#### RECORDS TO USE:
*** Block opens ***

lemma finsler_quadratic:
  fixes Q q :: "'a::euclidean_space \<Rightarrow> real"
  assumes cQ: "continuous_on UNIV Q" and cq: "continuous_on UNIV q"
    and hom_Q: "\<And>c d. Q (c *\<^sub>R d) = c\<^sup>2 * Q d" and hom_q: "\<And>c d. q (c *\<^sub>R d) = c\<^sup>2 * q d"
    and q_nonneg: "\<And>d. q d \<ge> 0" and pos: "\<And>d. d \<noteq> 0 \<Longrightarrow> q d = 0 \<Longrightarrow> Q d > 0"
  obtains \<rho> c where "c > 0" "\<rho> \<ge> 0" "\<And>d. Q d + \<rho> * q d \<ge> c * (norm d)\<^sup>2"
proof -
  obtain \<rho> \<gamma> where "\<gamma> > 0" "\<rho> \<ge> 0" and sphere: "\<And>d. norm d = 1 \<Longrightarrow> Q d + \<rho> * q d \<ge> \<gamma>"
    using finsler_sphere[OF cQ cq q_nonneg pos] by blast
  have "Q d + \<rho> * q d \<ge> \<gamma> * (norm d)\<^sup>2" for d
  proof (cases "d = 0")
    case True
    then show ?thesis
      using hom_Q[of 0 0] hom_q[of 0 0] by simp
  next
    case False
    define e where "e = (1 / norm d) *\<^sub>R d"
    have "norm e = 1" and de: "d = norm d *\<^sub>R e"
      using False by (simp_all add: e_def)
    have "Q d + \<rho> * q d = (norm d)\<^sup>2 * (Q e + \<rho> * q e)"
      by (subst (1 2) de) (simp add: hom_Q hom_q algebra_simps)
    also have "\<dots> \<ge> (norm d)\<^sup>2 * \<gamma>"
      using sphere[OF \<open>norm e = 1\<close>] by (intro mult_left_mono) auto
    finally show ?thesis
      by (simp add: mult.commute)
  qed
  then show thesis
    using that \<open>\<gamma> > 0\<close> \<open>\<rho> \<ge> 0\<close> by blast
qed

section \<open>The certificate at a KKT point\<close>

definition mderiv :: "(real^'n \<Rightarrow> real^'m^'m) \<Rightarrow> real^'n \<Rightarrow> real^'n \<Rightarrow> real^'m^'m" where
  "mderiv G x d = (\<Sum>i\<in>UNIV. d $ i *\<^sub>R mpartial i G x)"

lemma mderiv_entry: "mderiv G x d $ k $ l = d \<bullet> grad (\<lambda>y. G y $ k $ l) x"
  by (simp add: mderiv_def mpartial_def grad_def inner_vec_def)

lemma mderiv_axis: "mderiv G x (axis i 1) = mpartial i G x"
  by (simp add: vec_eq_iff mderiv_entry mpartial_def grad_def inner_axis')

lemma polymat_has_derivative:
  assumes "\<And>k l. (\<lambda>x. G x $ k $ l) \<in> polyfun"
  shows "(G has_derivative mderiv G x) (at x)"
  using polyfun_has_derivative[OF assms] by (simp add: has_derivative_vec_nth_iff mderiv_entry inner_commute)

lemma sym_mat_mderiv:
  assumes "\<And>x. sym_mat (G x)"
  shows "sym_mat (mderiv G x d)"
proof -
  have "(\<lambda>y. G y $ l $ k) = (\<lambda>y. G y $ k $ l)" for k l
    using sym_mat_entry[OF assms] by blast
  then show ?thesis
    by (simp add: sym_mat_def transpose_def vec_eq_iff mderiv_entry)
qed

lemma sum_scaleR_matrix_mult:
  "(\<Sum>i\<in>I. c i *\<^sub>R B i) ** (A :: real^'n^'m) = (\<Sum>i\<in>I. c i *\<^sub>R (B i ** A))"
  "A ** (\<Sum>i\<in>I. c i *\<^sub>R B i) = (\<Sum>i\<in>I. c i *\<^sub>R (A ** B i))"
  by (simp_all add: matrix_eq matrix_vector_mult_sum linear_sum[OF matrix_vector_mul_linear] o_def
      matrix_vector_mult_scaleR flip: matrix_vector_mul_assoc scaleR_matrix_vector_assoc)

lemma quadratic_form_sum: "d \<bullet> (H *v d) = (\<Sum>i\<in>UNIV. \<Sum>j\<in>UNIV. d $ i * d $ j * H $ i $ j)"
  by (simp add: inner_vec_def matrix_vector_mult_def sum_distrib_left mult_ac)

lemma transpose_sandwich_eq_zero:
  fixes E :: "real^'k^'m" and M :: "real^'m^'m"
  assumes "\<And>x y. (E *v x) \<bullet> (M *v (E *v y)) = 0"
  shows "transpose E ** M ** E = 0"
proof -
  have "x \<bullet> (transpose E *v (M *v (E *v y))) = 0" for x y
    using assms[of x y] dot_lmul_matrix[of x "transpose E"] by simp
  then have "transpose E *v (M *v (E *v y)) = 0" for y
    by (metis inner_eq_zero_iff)
  then show ?thesis
    by (simp add: matrix_eq flip: matrix_vector_mul_assoc)
qed

lemma abs_shifted_form_error_le:
  fixes D0 D1 :: "real^'m^'m"
  assumes z: "norm z \<le> c * n" and D1: "norm D1 \<le> \<eta> * n" and D0: "norm D0 \<le> \<eta>"
    and "0 \<le> \<eta>" "0 \<le> c"
  shows "\<bar>2 * (z \<bullet> (D1 *v r)) - z \<bullet> (D0 *v z)\<bar> \<le> \<eta> * (2 * c * norm r + c\<^sup>2) * n\<^sup>2"
proof -
  have "\<bar>z \<bullet> (D1 *v r)\<bar> \<le> norm D1 * norm z * norm r"
    by (rule abs_inner_matrix_vector_le)
  also have "\<dots> \<le> (\<eta> * n) * (c * n) * norm r"
    using order_trans[OF norm_ge_zero D1] by (intro mult_right_mono mult_mono D1 z) auto
  finally have first: "\<bar>z \<bullet> (D1 *v r)\<bar> \<le> \<eta> * c * norm r * n\<^sup>2"
    by (simp add: power2_eq_square mult_ac)
  have "\<bar>z \<bullet> (D0 *v z)\<bar> \<le> norm D0 * norm z * norm z"
    by (rule abs_inner_matrix_vector_le)
  also have "\<dots> \<le> \<eta> * (c * n) * (c * n)"
    using order_trans[OF norm_ge_zero z] \<open>0 \<le> \<eta>\<close> by (intro mult_mono D0 z) auto
  finally have second: "\<bar>z \<bullet> (D0 *v z)\<bar> \<le> \<eta> * c\<^sup>2 * n\<^sup>2"
    by (simp add: power2_eq_square mult_ac)
  from first second show ?thesis
    by (simp add: algebra_simps)
qed

locale kkt_point =
  fixes f :: "real^'n \<Rightarrow> real" and G :: "real^'n \<Rightarrow> real^'m^'m" and u :: "real^'n"
    and \<Lambda> :: "real^'m^'m" and N :: nat and R :: "nat \<Rightarrow> real^'m"
  assumes f_poly: "f \<in> polyfun" and G_poly: "polymat_sym G" and feasible: "psd (G u)"
    and KKT: "KKT f G u \<Lambda>" and \<Lambda>_factors: "\<Lambda> = (\<Sum>t<N. outer_prod (R t))"
begin

lemma G_entry_poly: "(\<lambda>x. G x $ k $ l) \<in> polyfun"
  using G_poly by (simp add: polymat_sym_def)

lemma sym_G: "sym_mat (G x)"
  using G_poly by (simp add: polymat_sym_def)

lemma G_has_derivative: "(G has_derivative mderiv G x) (at x)"
  by (rule polymat_has_derivative[OF G_entry_poly])

lemma sym_mderiv: "sym_mat (mderiv G x d)"
  by (rule sym_mat_mderiv[OF sym_G])

lemma linear_mderiv: "linear (mderiv G x)"
  using G_has_derivative has_derivative_linear by blast

lemma G_factor_eq_zero:
  assumes "t < N"
  shows "G u *v R t = 0"
proof -
  have "(\<Sum>t<N. outer_prod (R t)) \<bullet> G u = 0"
    using KKT by (simp add: KKT_def frob_eq_inner flip: \<Lambda>_factors)
  then show ?thesis
    by (rule psd_inner_sum_outer_prod_eq_zero[OF feasible _ assms])
qed

lemma G_mult_\<Lambda>: "G u ** \<Lambda> = 0"
proof -
  have "G u *v (\<Lambda> *v x) = (\<Sum>t<N. (R t \<bullet> x) *\<^sub>R (G u *v R t))" for x
    by (simp add: \<Lambda>_factors sum_outer_prod_mult_vec linear_sum[OF matrix_vector_mul_linear] o_def
        matrix_vector_mult_scaleR)
  also have "\<dots> x = 0" for x
    by (rule sum.neutral) (simp add: G_factor_eq_zero)
  finally show ?thesis
    by (simp add: matrix_eq flip: matrix_vector_mul_assoc)
qed

abbreviation "L \<equiv> Lag f G \<Lambda>"

lemma Lag_poly: "L \<in> polyfun"
proof -
  have "(\<lambda>x. \<Lambda> \<bullet> G x) = (\<lambda>x. \<Sum>k\<in>UNIV. \<Sum>l\<in>UNIV. \<Lambda> $ k $ l * G x $ k $ l)"
    by (simp add: inner_vec_def)
  also have "\<dots> \<in> polyfun"
    by (rule polyfun_sum, rule polyfun_sum, rule polyfun.pmult, rule polyfun.pconst, rule G_entry_poly)
  finally show ?thesis
    unfolding Lag_def[abs_def] frob_eq_inner by (rule polyfun_diffI[OF f_poly])
qed

lemma Lag_at_u: "L u = f u"
  using KKT by (simp add: Lag_def KKT_def)

lemma grad_Lag_eq_zero: "grad L u = 0"
proof -
  have "(L has_derivative (\<lambda>v. v \<bullet> grad f u - \<Lambda> \<bullet> mderiv G u v)) (at u)"
    unfolding Lag_def[abs_def] frob_eq_inner
    by (intro has_derivative_diff polyfun_has_derivative f_poly
        bounded_linear.has_derivative[OF bounded_linear_inner_right G_has_derivative])
  then have "partial i L u = grad f u $ i - \<Lambda> \<bullet> mpartial i G u" for i
    by (simp add: partial_eq_derivative mderiv_axis inner_axis')
  then show ?thesis
    using KKT by (simp add: KKT_def grad_def vec_eq_iff frob_eq_inner inner_commute)
qed

abbreviation "DG \<equiv> mderiv G u"

lemma inner_\<Lambda>_sandwich: "\<Lambda> \<bullet> (DG d ** X ** DG d) = (\<Sum>t<N. (DG d *v R t) \<bullet> (X *v (DG d *v R t)))"
  using sym_mat_inner_commute[OF sym_mderiv]
  by (simp add: \<Lambda>_factors inner_sum_outer_prod flip: matrix_vector_mul_assoc)

lemma Hterm_quadratic:
  "d \<bullet> (Hterm G u \<Lambda> *v d) = 2 * (\<Lambda> \<bullet> (DG d ** mp_inv (G u) ** DG d))"
proof -
  define M where "M i = mpartial i G u" for i
  have "d \<bullet> (Hterm G u \<Lambda> *v d) = (\<Sum>i\<in>UNIV. \<Sum>j\<in>UNIV. d $ i * d $ j * Hterm G u \<Lambda> $ i $ j)"
    by (rule quadratic_form_sum)
  also have "\<dots> = (\<Sum>j\<in>UNIV. \<Sum>i\<in>UNIV. d $ i * d $ j * Hterm G u \<Lambda> $ i $ j)"
    by (rule sum.swap)
  also have "\<dots> = 2 * (\<Lambda> \<bullet> (\<Sum>j\<in>UNIV. d $ j *\<^sub>R (\<Sum>i\<in>UNIV. d $ i *\<^sub>R (M i ** mp_inv (G u) ** M j))))"
    by (simp add: Hterm_def M_def frob_eq_inner inner_sum_right sum_distrib_left mult_ac)
  also have "(\<Sum>j\<in>UNIV. d $ j *\<^sub>R (\<Sum>i\<in>UNIV. d $ i *\<^sub>R (M i ** mp_inv (G u) ** M j)))
      = DG d ** mp_inv (G u) ** DG d"
    by (simp add: mderiv_def M_def sum_scaleR_matrix_mult)
  finally show ?thesis .
qed

lemma linear_mderiv_factor: "linear (\<lambda>d. A *v (DG d *v r))"
  by (rule linearI) (simp_all add: linear_add[OF linear_mderiv] linear_cmul[OF linear_mderiv]
      matrix_vector_mult_add_rdistrib matrix_vector_right_distrib matrix_vector_mult_scaleR
      flip: scaleR_matrix_vector_assoc)

definition crit_penalty :: "real^'n \<Rightarrow> real" where
  "crit_penalty d = (\<Sum>t<N. (norm (ker_proj (G u) *v (DG d *v R t)))\<^sup>2)"

lemma crit_penalty_nonneg: "crit_penalty d \<ge> 0"
  by (simp add: crit_penalty_def sum_nonneg)

lemma crit_penalty_scaleR: "crit_penalty (c *\<^sub>R d) = c\<^sup>2 * crit_penalty d"
  using linear.scaleR[OF linear_mderiv_factor, of "ker_proj (G u)"]
  by (simp add: crit_penalty_def power_mult_distrib sum_distrib_left)

lemma continuous_crit_penalty: "continuous_on UNIV crit_penalty"
  unfolding crit_penalty_def
  by (intro continuous_intros linear_continuous_on linear_conv_bounded_linear[THEN iffD1]
      linear_mderiv_factor)

lemma crit_penalty_zero_imp_critical:
  assumes "kernel_cols (G u) E" and "SCC G u \<Lambda>" and "crit_penalty d = 0"
  shows "(\<Sum>i\<in>UNIV. d $ i *\<^sub>R (transpose E ** mpartial i G u ** E)) = 0"
proof -
  have kernel: "{z. G u *v z = 0} = range ((*v) \<Lambda>)"
    using sym_mat_kernel_eq_range[OF sym_G G_mult_\<Lambda>] assms(2) by (simp add: SCC_def)
  have "\<forall>t\<in>{..<N}. (norm (ker_proj (G u) *v (DG d *v R t)))\<^sup>2 = 0"
    using assms(3) sum_nonneg_eq_0_iff[of "{..<N}" "\<lambda>t. (norm (ker_proj (G u) *v (DG d *v R t)))\<^sup>2"]
    by (simp add: crit_penalty_def)
  then have proj_zero: "ker_proj (G u) *v (DG d *v R t) = 0" if "t < N" for t
    using that by simp
  have "(E *v x) \<bullet> (DG d *v (E *v y)) = 0" for x y
  proof -
    have "G u *v (E *v x) = 0" "G u *v (E *v y) = 0"
      using assms(1) by (auto simp: kernel_cols_def)
    then obtain w where w: "E *v y = \<Lambda> *v w" and Ex: "ker_proj (G u) *v (E *v x) = E *v x"
      using kernel ker_proj_kernel[OF sym_G] by blast
    have "(E *v x) \<bullet> (DG d *v R t) = 0" if "t < N" for t
      using sym_mat_inner_commute[OF sym_mat_ker_proj[OF sym_G[of u]], of "E *v x" "DG d *v R t"]
      by (simp add: Ex proj_zero[OF that])
    then show ?thesis
      by (simp add: w \<Lambda>_factors sum_outer_prod_mult_vec linear_sum[OF matrix_vector_mul_linear] o_def
          matrix_vector_mult_scaleR inner_sum_right)
  qed
  then have "transpose E ** DG d ** E = 0"
    by (rule transpose_sandwich_eq_zero)
  then show ?thesis
    by (simp add: mderiv_def sum_scaleR_matrix_mult)
qed

lemma sosc_quadratic_growth:
  assumes "kernel_cols (G u) E" and "SCC G u \<Lambda>" and "SOSC f G u \<Lambda> E"
  obtains \<rho> c where "c > 0" "\<rho> \<ge> 0"
    "\<And>d. d \<bullet> ((hess L u + Hterm G u \<Lambda>) *v d) + \<rho> * crit_penalty d \<ge> c * (norm d)\<^sup>2"
proof (rule finsler_quadratic[OF _ continuous_crit_penalty _ crit_penalty_scaleR crit_penalty_nonneg])
  show "continuous_on UNIV (\<lambda>d. d \<bullet> ((hess L u + Hterm G u \<Lambda>) *v d))"
    by (intro continuous_intros linear_continuous_on matrix_vector_mul_bounded_linear)
  show "(c *\<^sub>R d) \<bullet> ((hess L u + Hterm G u \<Lambda>) *v (c *\<^sub>R d)) = c\<^sup>2 * (d \<bullet> ((hess L u + Hterm G u \<Lambda>) *v d))"
    for c d
    by (simp add: matrix_vector_mult_scaleR power2_eq_square)
  show "d \<bullet> ((hess L u + Hterm G u \<Lambda>) *v d) > 0" if "d \<noteq> 0" "crit_penalty d = 0" for d
    using assms(3) that crit_penalty_zero_imp_critical[OF assms(1,2) that(2)] by (simp add: SOSC_def)
qed (use that in auto)

definition cert_matrix :: "real \<Rightarrow> real^'m^'m" where
  "cert_matrix \<rho> = mp_inv (G u) + \<rho> *\<^sub>R ker_proj (G u)"

definition cert_vec :: "real \<Rightarrow> nat \<Rightarrow> real^'n \<Rightarrow> real^'m" where
  "cert_vec \<rho> t x = R t - cert_matrix \<rho> *v (DG (x - u) *v R t)"

definition certificate :: "real \<Rightarrow> real^'n \<Rightarrow> real" where
  "certificate \<rho> x = (\<Sum>t<N. cert_vec \<rho> t x \<bullet> (G x *v cert_vec \<rho> t x))"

*** Block closes ***

#### TASK BRIEF:
Beginning with the top line of the data above, output every line exactly until the one that contains "using finsler_sphere[OF cQ", and include that one too.

#### OUTPUT FOR THIS EXERCISE:
lemma finsler_quadratic:
  fixes Q q :: "'a::euclidean_space \<Rightarrow> real"
  assumes cQ: "continuous_on UNIV Q" and cq: "continuous_on UNIV q"
    and hom_Q: "\<And>c d. Q (c *\<^sub>R d) = c\<^sup>2 * Q d" and hom_q: "\<And>c d. q (c *\<^sub>R d) = c\<^sup>2 * q d"
    and q_nonneg: "\<And>d. q d \<ge> 0" and pos: "\<And>d. d \<noteq> 0 \<Longrightarrow> q d = 0 \<Longrightarrow> Q d > 0"
  obtains \<rho> c where "c > 0" "\<rho> \<ge> 0" "\<And>d. Q d + \<rho> * q d \<ge> c * (norm d)\<^sup>2"
proof -
  obtain \<rho> \<gamma> where "\<gamma> > 0" "\<rho> \<ge> 0" and sphere: "\<And>d. norm d = 1 \<Longrightarrow> Q d + \<rho> * q d \<ge> \<gamma>"
    using finsler_sphere[OF cQ cq q_nonneg pos] by blast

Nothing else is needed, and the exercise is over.